Labor fears job flight, as capital chases low wages in China. Human rights advocates fear that without the current annual review of China’s trade status, the U.S. will not be able to push China in the direction of expanded democracy and respect for human rights. There is little distinction between the two positions. A living wage is a basic human right. And workers’ rights are human rights.

That is the argument made by Dimon Liu, a Chinese-born human rights activist who works in Washington, D.C. In an interview in the Observer offices, Liu said that change in China is at best difficult. But without a proper U.S.-China policy, democratic reform in China is impossible. “Workers in China earn thirteen to nineteen cents an hour and work in conditions worse than slavery,” Liu said. “P.N.T.R. is an unholy alliance with tyranny.”

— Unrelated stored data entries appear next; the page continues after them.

(* For all nonnegative integers $a_1,a_2,s$, \[ F(a_1,a_2,s)=a_1!\,a_2!\,G(a_1,a_2,s). \]
   Context: Let $a_1,a_2,s$ be nonnegative integers and $a=a_1+a_2$. $F(a_1,a_2,s)$ is the number of pairs $(X,w)$ where $X\subseteq[a]$ has $|X|=a-s$ (so $F=0$ if $s>a$) and $w=(w_1,\dots,w_a)$ is a sequence listing each element of $X\cup\{a+1,\dots,a+s\}$ exactly once, such that if one rearranges $w_1,\dots,w_{a_1}$ in decreasing order and $w_{a_1+1},\dots,w_a$ in decreasing order, the resulting sequence $u$ satisfies $u_i\ne i$ for all $i\in[a]$. For integers $a_1,a_2,s$, $G(a_1,a_2,s)=\sum_m N_m$, the sum over integers $m$ such that $a_1-m,\ a_2-(s-m),\ m,\ s-m$ are all nonnegative (an empty sum is $0$), where $N_m$ is the number of permutations $\pi$ of $[a]$ that are decreasing within each of four consecutive blocks of positions of lengths $a_1-m,\ a_2-(s-m),\ m,\ s-m$ (in this order; arbitrary between blocks), and have no fixed point ($\pi_i=i$) in the first two blocks. *)

theory Defs
  imports "HOL-Combinatorics.Permutations"
begin

definition blocksort :: "nat \<Rightarrow> nat list \<Rightarrow> nat list" where
  "blocksort a1 w = rev (sort (take a1 w)) @ rev (sort (drop a1 w))"

text \<open>F(a1,a2,s): number of pairs (X,w). Positions are 1-indexed in the paper;
u_i corresponds to (u ! (i-1)).\<close>
definition F :: "nat \<Rightarrow> nat \<Rightarrow> nat \<Rightarrow> nat" where
  "F a1 a2 s = (let a = a1 + a2 in
     card {(X, w). X \<subseteq> {1..a} \<and> s \<le> a \<and> card X = a - s \<and>
        length w = a \<and> distinct w \<and> set w = X \<union> {a+1..a+s} \<and>
        (\<forall>i\<in>{1..a}. blocksort a1 w ! (i - 1) \<noteq> i)})"

definition same_block :: "nat \<Rightarrow> nat \<Rightarrow> nat \<Rightarrow> nat \<Rightarrow> nat \<Rightarrow> nat \<Rightarrow> bool" where
  "same_block l1 l2 l3 l4 i j \<longleftrightarrow>
     (i \<in> {1..l1} \<and> j \<in> {1..l1}) \<or>
     (i \<in> {l1+1..l1+l2} \<and> j \<in> {l1+1..l1+l2}) \<or>
     (i \<in> {l1+l2+1..l1+l2+l3} \<and> j \<in> {l1+l2+1..l1+l2+l3}) \<or>
     (i \<in> {l1+l2+l3+1..l1+l2+l3+l4} \<and> j \<in> {l1+l2+l3+1..l1+l2+l3+l4})"

definition Ncount :: "nat \<Rightarrow> nat \<Rightarrow> nat \<Rightarrow> nat \<Rightarrow> nat" where
  "Ncount l1 l2 l3 l4 = (let a = l1 + l2 + l3 + l4 in
     card {\<pi>. \<pi> permutes {1..a} \<and>
        (\<forall>i\<in>{1..a}. \<forall>j\<in>{1..a}. i < j \<and> same_block l1 l2 l3 l4 i j \<longrightarrow> \<pi> i > \<pi> j) \<and>
        (\<forall>i\<in>{1..l1+l2}. \<pi> i \<noteq> i)})"

definition G :: "nat \<Rightarrow> nat \<Rightarrow> nat \<Rightarrow> nat" where
  "G a1 a2 s = (\<Sum>m\<in>{m. m \<le> s \<and> m \<le> a1 \<and> s - m \<le> a2}.
                   Ncount (a1 - m) (a2 - (s - m)) m (s - m))"

end

theory Submission
  imports Defs "HOL-Combinatorics.Multiset_Permutations"
begin

text \<open>Listing a set \<open>X\<close> decreasingly in the positions \<open>c + 1, c + 2, \<dots>\<close> creates no fixed point
  unless some \<open>v \<in> X\<close> equals \<open>c + 1\<close> plus the number of larger elements of \<open>X\<close>. Only the sets of
  entries of the two blocks of \<open>w\<close> matter in \<open>F\<close>, which accounts for the factor \<open>a1! a2!\<close>;
  a block-decreasing permutation counted by \<open>N_m\<close> is determined by the images of its blocks.
  Splitting the first block of \<open>w\<close> into its \<open>m\<close> entries above \<open>a = a1 + a2\<close> and the rest,
  both sides become sums over \<open>m\<close> of \<open>s choose m\<close> times the number of disjoint pairs of subsets of
  \<open>[a]\<close> of sizes \<open>a1 - m\<close> and \<open>a2 - (s - m)\<close> whose decreasing listings at given offsets have no
  fixed points: with offsets \<open>(m, a1 - m + s)\<close> for \<open>F\<close> and \<open>(0, a1 - m)\<close> for \<open>G\<close>. These counts
  agree: removing the largest element of \<open>[a]\<close>, or by the symmetry \<open>v \<mapsto> a + 1 - v\<close> the
  smallest one, gives recurrences showing by induction on \<open>a\<close> that moving the first block of
  positions by one leaves the count unchanged while it stays below the second block.\<close>

section \<open>Decreasing listings and their fixed points\<close>

definition dec_list :: "nat set \<Rightarrow> nat list" where
  "dec_list S = rev (sorted_list_of_set S)"

lemma dec_list_basic:
  assumes "finite S"
  shows "length (dec_list S) = card S" "set (dec_list S) = S" "distinct (dec_list S)"
  using assms by (auto simp: dec_list_def)

lemma dec_list_nth_less:
  assumes "finite S" "i < j" "j < card S"
  shows "dec_list S ! j < dec_list S ! i"
proof -
  let ?L = "sorted_list_of_set S"
  have "length ?L = card S" "sorted_wrt (<) ?L"
    using assms(1) by auto
  then show ?thesis
    using assms by (auto simp: dec_list_def rev_nth sorted_wrt_iff_nth_less)
qed
lemma acyclic_words_root_21:
  assumes "3 \<le> N"
  shows "{ws \<in> choice_words N (2,1).
      ws!0 = 2 \<and> no_RL 3 N ws \<or> ws!0 = 1 \<and> (\<forall>i. 3 \<le> i \<and> i \<le> N \<longrightarrow> ws!(i-1) = 1)}
    = Cons 2 ` Cons 0 ` rl_free_words (N-2) \<union> {1 # 0 # replicate (N-2) 1}"
proof -
  define m where "m = N - 2"
  have N: "N = Suc (Suc m)" using assms unfolding m_def by simp
  have words: "ws \<in> choice_words N (2,1) \<longleftrightarrow>
      (\<exists>x u. ws = x # 0 # u \<and> x \<le> 2 \<and> length u = m \<and> set u \<subseteq> {0,1,2})" for ws
  proof
    assume ws: "ws \<in> choice_words N (2,1)"
    then have "length ws = Suc (Suc m)" unfolding choice_words_def N by simp
    then obtain x y u where "ws = x # y # u" by (auto simp: length_Suc_conv)
    with ws show "\<exists>x u. ws = x # 0 # u \<and> x \<le> 2 \<and> length u = m \<and> set u \<subseteq> {0,1,2}"
      unfolding choice_words_def N by auto
  qed (auto simp: choice_words_def N)
  have no_RL_shift: "no_RL 3 N (x # y # u) \<longleftrightarrow> no_RL 1 m u" for x y u
    using no_RL_Cons[of 2 "Suc m" x "y # u"] no_RL_Cons[of 1 m y u] N
    by (simp add: numeral_3_eq_3 numeral_2_eq_2)
  have all_left: "(\<forall>i. 3 \<le> i \<and> i \<le> N \<longrightarrow> (x # y # u)!(i-1) = 1) \<longleftrightarrow> u = replicate m 1"
    if "length u = m" for x y u
    using nth_infix_eq_replicate_iff[of "[x,y]" 2 u m "[]" 1] that N
    by (simp add: Suc_le_eq numeral_3_eq_3 numeral_2_eq_2)
  have R: "rl_free_words (N-2) = {u. length u = m \<and> set u \<subseteq> {0,1,2} \<and> no_RL 1 m u}"
    unfolding rl_free_words_def rl_free_def m_def by auto
  show ?thesis
  proof (intro equalityI subsetI)
    fix ws assume "ws \<in> {ws \<in> choice_words N (2,1).
      ws!0 = 2 \<and> no_RL 3 N ws \<or> ws!0 = 1 \<and> (\<forall>i. 3 \<le> i \<and> i \<le> N \<longrightarrow> ws!(i-1) = 1)}"
    then obtain x u where ws: "ws = x # 0 # u" "length u = m" "set u \<subseteq> {0,1,2}"
      and "x = 2 \<and> no_RL 3 N ws \<or> x = 1 \<and> (\<forall>i. 3 \<le> i \<and> i \<le> N \<longrightarrow> ws!(i-1) = 1)"
      unfolding words by auto
    then show "ws \<in> Cons 2 ` Cons 0 ` rl_free_words (N-2) \<union> {1 # 0 # replicate (N-2) 1}"
      unfolding R using no_RL_shift all_left[of u x 0] m_def by auto
  next
    fix ws assume "ws \<in> Cons 2 ` Cons 0 ` rl_free_words (N-2) \<union> {1 # 0 # replicate (N-2) 1}"
    then obtain x u where ws: "ws = x # 0 # u" "length u = m" "set u \<subseteq> {0,1,2}"
      and "x = 2 \<and> no_RL 1 m u \<or> x = 1 \<and> u = replicate m 1"
      unfolding R m_def by (auto simp: set_replicate_conv_if)
    then show "ws \<in> {ws \<in> choice_words N (2,1).
      ws!0 = 2 \<and> no_RL 3 N ws \<or> ws!0 = 1 \<and> (\<forall>i. 3 \<le> i \<and> i \<le> N \<longrightarrow> ws!(i-1) = 1)}"
      unfolding words using no_RL_shift all_left[of u x 0] by auto
  qed
qed

lemma numM_root_21:
  assumes "3 \<le> N"
  shows "int (numM N (2,1)) = b (N - 2) + 1"
proof -
  have "(2,1) \<in> DV N" using assms unfolding DV_def by auto
  then have "numM N (2,1) = card (Cons 2 ` Cons 0 ` rl_free_words (N-2) \<union> {1 # 0 # replicate (N-2) 1})"
    using numM_eq_card_acyclic_words[OF assms] acyclic_words_root_21[OF assms]
      acyclic_word_graph_root_21[OF assms] by (simp cong: conj_cong)
  also have "\<dots> = card (Cons 2 ` Cons 0 ` rl_free_words (N-2)) + 1"
    by (subst card_Un_disjoint) (auto simp: finite_rl_free_words)
  also have "card (Cons 2 ` Cons 0 ` rl_free_words (N-2)) = card (rl_free_words (N-2))"
    by (simp add: card_image inj_on_def)
  finally show ?thesis by (simp add: card_rl_free_words)
qed

locale root_20 = choice_word N "(2,0)" ws for N ws
begin

lemma outer_reaches_root: "3 \<le> i \<Longrightarrow> i < N \<Longrightarrow> ((i,0),(2,0)) \<in> G\<^sup>*"
  by (rule outer_chain) auto

lemma down_reaches_root:
  assumes "2 \<le> k" "k < N" "ws!(k-1) = 0"
  shows "((k,1),(2,0)) \<in> G\<^sup>*"
proof -
  have "((k,1),(k,0)) \<in> G" using arc_down[of k] assms by simp
  moreover have "((k,0),(2,0)) \<in> G\<^sup>*"
    using outer_reaches_root[of k] assms by (cases "k = 2") auto
  ultimately show ?thesis by (rule converse_rtrancl_into_rtrancl)
qed

lemma last_reaches_first:
  assumes "ws!(N-1) \<noteq> 1"
  shows "((N,1),(1,1)) \<in> G\<^sup>+"
proof (cases "ws!(N-1) = 0")
  case True
  then have "((N,1),(N,0)) \<in> G" using arc_down[of N] three_le_N by simp
  moreover have "((N,0),(1,0)) \<in> G" "((1,0),(1,1)) \<in> G"
    using arc_outer_wrap arc_outer_up three_le_N by auto
  ultimately show ?thesis by (meson trancl.simps)
next
  case False
  then have "ws!(N-1) = 2" using assms choice_le_2[of N] three_le_N by fastforce
  then show ?thesis using arc_right_wrap by auto
qed

lemma acyclic_if_inner_reach_root:
  assumes "\<And>i. 1 \<le> i \<Longrightarrow> i \<le> N \<Longrightarrow> ((i,1),(2,0)) \<in> G\<^sup>*"
  shows "acyclic G"
proof (rule acyclic_if_reach_root)
  fix v assume "v \<in> DV N" "v \<noteq> (2,0)"
  moreover obtain i n where v: "v = (i,n)" by (cases v)
  ultimately have i: "1 \<le> i" "i \<le> N" "n = 0 \<and> i \<noteq> 2 \<or> n = 1" unfolding DV_def by auto
  have "((1,0),(2,0)) \<in> G\<^sup>*"
    using arc_outer_up assms[of 1] three_le_N by (simp add: converse_rtrancl_into_rtrancl)
  moreover have "((N,0),(2,0)) \<in> G\<^sup>*"
    using arc_outer_wrap three_le_N \<open>((1,0),(2,0)) \<in> G\<^sup>*\<close>
    by (simp add: converse_rtrancl_into_rtrancl)
  ultimately show "(v,(2,0)) \<in> G\<^sup>*"
    using v i assms outer_reaches_root[of i] by (cases "i = 1"; cases "i = N") auto
qed

lemma inner_reach_root_if_left_start:
  assumes no_RL: "no_RL 1 N ws" and first: "ws!0 = 1" and last: "ws!(N-1) = 1"
    and "\<exists>j. 2 \<le> j \<and> j < N \<and> ws!(j-1) \<noteq> 1" and i: "1 \<le> i" "i \<le> N"
  shows "((i,1),(2,0)) \<in> G\<^sup>*"
proof -
  have "ws!(N-1-1) \<noteq> 2"
    using no_RL last three_le_N unfolding no_RL_def by (auto dest: spec[of _ "N-1"])
  with assms(4) have "\<exists>j. 2 \<le> j \<and> j \<le> N-1 \<and> ws!(j-1) = 0 \<and> ((N-1,1),(j,1)) \<in> G\<^sup>*"
    using no_RL_mono[OF no_RL, of 2 "N-1"] three_le_N by (intro left_run_reaches_down) auto
  then have "((N-1,1),(2,0)) \<in> G\<^sup>*"
    using down_reaches_root three_le_N by (auto intro: rtrancl_trans)
  then have last_reach: "((N,1),(2,0)) \<in> G\<^sup>*"
    using arc_left[of N] last three_le_N by (simp add: converse_rtrancl_into_rtrancl)
  then have first_reach: "((1,1),(2,0)) \<in> G\<^sup>*"
    using arc_left_wrap first by (simp add: converse_rtrancl_into_rtrancl)
  have "((i,1),(2,0)) \<in> G\<^sup>*" if "2 \<le> i" "i \<le> N - 1"
  proof (rule interval_reaches[of 2 "N-1"])
    show "ws!(2-1) = 1 \<Longrightarrow> ((2,1),(2,0)) \<in> G\<^sup>*"
      using arc_left[of 2] three_le_N first_reach by (simp add: converse_rtrancl_into_rtrancl)
  qed (use that no_RL_mono[OF no_RL] down_reaches_root \<open>ws!(N-1-1) \<noteq> 2\<close> in auto)
  with i first_reach last_reach show ?thesis by (cases "i = 1 \<or> i = N") auto
qed

lemma inner_reach_root_if_right_start:
  assumes no_RL: "no_RL 1 N ws" and first: "ws!0 = 2"
    and "\<exists>j. 2 \<le> j \<and> j < N \<and> ws!(j-1) \<noteq> 2" and i: "1 \<le> i" "i \<le> N"
  shows "((i,1),(2,0)) \<in> G\<^sup>*"
proof -
  have "ws!1 \<noteq> 1" using no_RL first three_le_N unfolding no_RL_def by (auto dest: spec[of _ 1])
  with assms(3) have "\<exists>j. 2 \<le> j \<and> j \<le> N-1 \<and> ws!(j-1) = 0 \<and> ((2,1),(j,1)) \<in> G\<^sup>*"
    using no_RL_mono[OF no_RL, of 2 "N-1"] three_le_N by (intro right_run_reaches_down) auto
  then have "((2,1),(2,0)) \<in> G\<^sup>*"
    using down_reaches_root three_le_N by (auto intro: rtrancl_trans)
  then have first_reach: "((1,1),(2,0)) \<in> G\<^sup>*"
    using arc_right[of 1] first three_le_N by (simp add: converse_rtrancl_into_rtrancl numeral_2_eq_2)
  have "((i,1),(2,0)) \<in> G\<^sup>*" if "2 \<le> i" "i \<le> N"
  proof (rule interval_reaches[of 2 N])
    show "ws!(N-1) = 2 \<Longrightarrow> ((N,1),(2,0)) \<in> G\<^sup>*"
      using arc_right_wrap first_reach by (simp add: converse_rtrancl_into_rtrancl)
    show "((k,1),(2,0)) \<in> G\<^sup>*" if "2 \<le> k" "k \<le> N" "ws!(k-1) = 0" for k
    proof (cases "k = N")
      case True
      then have "((N,1),(1,1)) \<in> G\<^sup>*" using last_reaches_first that by (simp add: trancl_into_rtrancl)
      then show ?thesis using first_reach \<open>k = N\<close> by simp
    qed (use that down_reaches_root in auto)
  qed (use that no_RL_mono[OF no_RL] \<open>ws!1 \<noteq> 1\<close> in auto)
  with i first_reach show ?thesis by (cases "i = 1") auto
qed

lemma last_left_if_first_reaches_last:
  assumes "acyclic G" "((1,1),(N,1)) \<in> G\<^sup>*"
  shows "ws!(N-1) = 1"
  using assms last_reaches_first unfolding acyclic_def by (meson rtrancl_trancl_trancl)

lemma left_run_stops_if_acyclic:
  assumes acyclic: "acyclic G" and first: "ws!0 = 1"
  shows "ws!(N-1) = 1 \<and> (\<exists>j. 2 \<le> j \<and> j < N \<and> ws!(j-1) \<noteq> 1)"
proof -
  have to_last: "((1,1),(N,1)) \<in> G" using arc_left_wrap first by simp
  then have last: "ws!(N-1) = 1" using acyclic last_left_if_first_reaches_last by blast
  have "\<not> (\<forall>j. 2 \<le> j \<and> j < N \<longrightarrow> ws!(j-1) = 1)"
  proof
    assume run: "\<forall>j. 2 \<le> j \<and> j < N \<longrightarrow> ws!(j-1) = 1"
    have "((N,1),(1,1)) \<in> G\<^sup>*"
    proof (rule left_chain)
      fix k assume "1 < k" "k \<le> N"
      then show "(k,1::nat) \<noteq> (2,0) \<and> ws!(k-1) = 1" using run last by (cases "k = N") auto
    qed (use three_le_N in auto)
    then show False using acyclic_no_cycle[OF acyclic to_last] by blast
  qed
  with last show ?thesis by auto
qed

lemma right_run_stops_if_acyclic:
  assumes acyclic: "acyclic G" and first: "ws!0 = 2"
  shows "\<exists>j. 2 \<le> j \<and> j < N \<and> ws!(j-1) \<noteq> 2"
proof (rule ccontr)
  assume "\<not> ?thesis"
  then have run: "\<forall>j. 2 \<le> j \<and> j < N \<longrightarrow> ws!(j-1) = 2" by blast
  have "((1,1),(N,1)) \<in> G\<^sup>*"
  proof (rule right_chain)
    fix k assume "1 \<le> k" "k < N"
    then show "(k,1::nat) \<noteq> (2,0) \<and> ws!(k-1) = 2" using run first by (cases "k = 1") auto
  qed (use three_le_N in auto)
  then have "ws!(N-1) = 1" using acyclic last_left_if_first_reaches_last by blast
  moreover have "no_RL 1 N ws" using acyclic by (rule acyclic_imp_no_RL) auto
  ultimately show False
    using run[rule_format, of "N-1"] three_le_N unfolding no_RL_def by (auto dest: spec[of _ "N-1"])
qed

end

lemma acyclic_word_graph_root_20:
  assumes "3 \<le> N" "ws \<in> choice_words N (2,0)"
  shows "acyclic (word_graph N (2,0) ws) \<longleftrightarrow> rl_free ws \<and>
    (ws!0 = 1 \<and> ws!(N-1) = 1 \<and> (\<exists>j. 2 \<le> j \<and> j < N \<and> ws!(j-1) \<noteq> 1)
     \<or> ws!0 = 2 \<and> (\<exists>j. 2 \<le> j \<and> j < N \<and> ws!(j-1) \<noteq> 2))"
proof -
  interpret root_20 N ws using assms by unfold_locales
  show ?thesis
  proof
    assume acyclic: "acyclic G"
    have "ws!0 \<noteq> 0" using acyclic by (rule acyclic_imp_first_not_down) auto
    then have "ws!0 = 1 \<or> ws!0 = 2" using choice_le_2[of 1] three_le_N by fastforce
    moreover have "no_RL 1 N ws" using acyclic by (rule acyclic_imp_no_RL) auto
    ultimately show "rl_free ws \<and>
      (ws!0 = 1 \<and> ws!(N-1) = 1 \<and> (\<exists>j. 2 \<le> j \<and> j < N \<and> ws!(j-1) \<noteq> 1)
       \<or> ws!0 = 2 \<and> (\<exists>j. 2 \<le> j \<and> j < N \<and> ws!(j-1) \<noteq> 2))"
      using left_run_stops_if_acyclic[OF acyclic] right_run_stops_if_acyclic[OF acyclic]
        rl_free_iff_no_RL by auto
  qed (use acyclic_if_inner_reach_root inner_reach_root_if_left_start
      inner_reach_root_if_right_start rl_free_iff_no_RL in blast)
qed

lemma two_le_less_Suc_Suc_iff: "(\<exists>j. 2 \<le> j \<and> j < Suc (Suc m) \<and> P j) \<longleftrightarrow> (\<exists>j. 1 < j \<and> j \<le> 1 + m \<and> P j)"
  by (metis Suc_1 Suc_le_eq add.commute less_Suc_eq_le plus_1_eq_Suc)

lemma rl_free_left_framed_iff:
  assumes "length u = m" "1 \<le> m"
  shows "rl_free (1 # u @ [1]) \<and> (\<exists>j. 2 \<le> j \<and> j < Suc (Suc m) \<and> (1 # u @ [1])!(j-1) \<noteq> 1)
      \<longleftrightarrow> rl_free u \<and> last u \<noteq> 2 \<and> u \<noteq> replicate m 1"
proof -
  have "u \<noteq> []" using assms by auto
  moreover have "(\<exists>j. 2 \<le> j \<and> j < Suc (Suc m) \<and> ([1] @ u @ [1])!(j-1) \<noteq> 1) \<longleftrightarrow> u \<noteq> replicate m 1"
    using nth_infix_eq_replicate_iff[of "[1]" 1 u m "[1]" 1] assms(1)
    unfolding two_le_less_Suc_Suc_iff by auto
  ultimately show ?thesis by (auto simp: rl_free_Cons rl_free_snoc)
qed

lemma rl_free_right_start_iff:
  assumes "length v = Suc m"
  shows "rl_free (2 # v) \<and> (\<exists>j. 2 \<le> j \<and> j < Suc (Suc m) \<and> (2 # v)!(j-1) \<noteq> 2)
      \<longleftrightarrow> rl_free v \<and> hd v \<noteq> 1 \<and> take m v \<noteq> replicate m 2"
proof -
  have "v \<noteq> []" using assms by auto
  moreover have "(\<exists>j. 2 \<le> j \<and> j < Suc (Suc m) \<and> ([2] @ take m v @ drop m v)!(j-1) \<noteq> 2)
      \<longleftrightarrow> take m v \<noteq> replicate m 2"
    using nth_infix_eq_replicate_iff[of "[2]" 1 "take m v" m "drop m v" 2] assms
    unfolding two_le_less_Suc_Suc_iff by auto
  ultimately show ?thesis by (auto simp: rl_free_Cons)
qed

Liu was part of a caravan of Teamsters, steelworkers, farmers, and human rights activists who visited Houston, Dallas, Austin, and McAllen, trying to win over undecided Democrats. She was translating for Wang Xizhe, one of China’s most prominent dissidents.

Wang Xizhe is a journalist and intellectual who spent seventeen years in prison for criticizing the Chinese government. While he was in prison, he didn’t produce any product for sale, though he said tea was prepared and packaged for sale in one of the prisons where he was held. The question about prison labor, Wang Xizhe said, misses an important point. “I’m not just objecting to buying products made by prison labor in China. The whole of China is a huge prison. When you have no free expression, no labor organization, and the low wages that are paid to workers, you have a huge prison.” The passage of P.N.T.R., he believes, is an endorsement of that system.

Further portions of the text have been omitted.